J. Scott Applewhite/AP
The House Republican briefing on their most likely Obamacare replacement plans was a bit of an anticlimax. Republicans who emerged from the briefing said there were major elements still under discussion, like what kind of Medicaid reform it would include and how they'd pay for the package.
House Ways and Means Committee chairman Kevin Brady said he and Energy and Commerce Committee chairman Greg Walden gave their colleague "a very in-depth view of what the replacement will be," including health savings accounts, high-risk pools to cover sick people, and "greater state control of health care."
But he said a basic question — whether Medicaid would be restructured as a block grant or as per-person funding limits — was "still under discussion," as were the possible ways to pay for the package. (A briefing document says the Medicaid package will include both per-capita caps and block grants.)
Some specifics: The committee chairmen did announce that the House Republican package will include a new form of tax credits to help people buy health insurance, which would be based on age and family size, rather than income like Obamacare's tax credits.
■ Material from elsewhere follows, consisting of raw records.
lemma rate_eq: "\<rho> \<in> {-1<..<1} \<Longrightarrow> rate \<rho> = A \<rho> * exp (- w \<rho>)"
  unfolding rate_def using lambertW_div_self[of "A \<rho> * \<theta> \<rho>"] A_pos[of \<rho>] theta_pos[of \<rho>]
  by (simp add: w_eq field_simps)

lemma continuous_A: "continuous_on UNIV A"
  using A_C1
  by (simp add: C1_differentiable_on_eq continuous_at_imp_continuous_on differentiable_imp_continuous_within)

lemma C1_theta: "\<theta> C1_differentiable_on UNIV"
  unfolding theta_eq by (intro derivative_intros) (simp add: power2_eq_square)

lemma C1_w: "w C1_differentiable_on {-1<..<1}"
proof -
  have "(\<lambda>\<rho>. A \<rho> * \<theta> \<rho>) C1_differentiable_on {-1<..<1}"
    using A_C1 C1_theta by (intro C1_differentiable_on_mult) (auto intro: C1_differentiable_on_subset)
  then show ?thesis
    unfolding w_eq using A_pos theta_pos
    by (intro C1_differentiable_on_compose_real[OF _ C1_differentiable_on_lambertW]) auto
qed

lemma C1_rate: "rate C1_differentiable_on {-1<..<1}"
  unfolding rate_def[abs_def]
  using C1_w C1_differentiable_on_subset[OF C1_theta] theta_pos
  by (intro C1_differentiable_on_divide_real) force+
Health and Human Services secretary Tom Price told the lawmakers that President Trump wants the repeal and replacement to happen at the same time, and promised them that "the president is all in on this," according to a source in the room.
Rep. Bill Flores said the lawmakers will get a package later today with more details, and that the plan is still for the committees to start work after next week's recess. But he acknowledged that there are practical problems, like the fact that the Congressional Budget Office hasn't been able to give them cost estimates yet.
Did it win over the "repeal first" crowd? It doesn't sound like it. When I asked Rep. Raul Labrador, who warned this week that Republicans shouldn't just pass an "Obamacare Lite" package, whether the emerging plan avoids the "Obamacare Lite" trap, he gave a blunt answer: "No."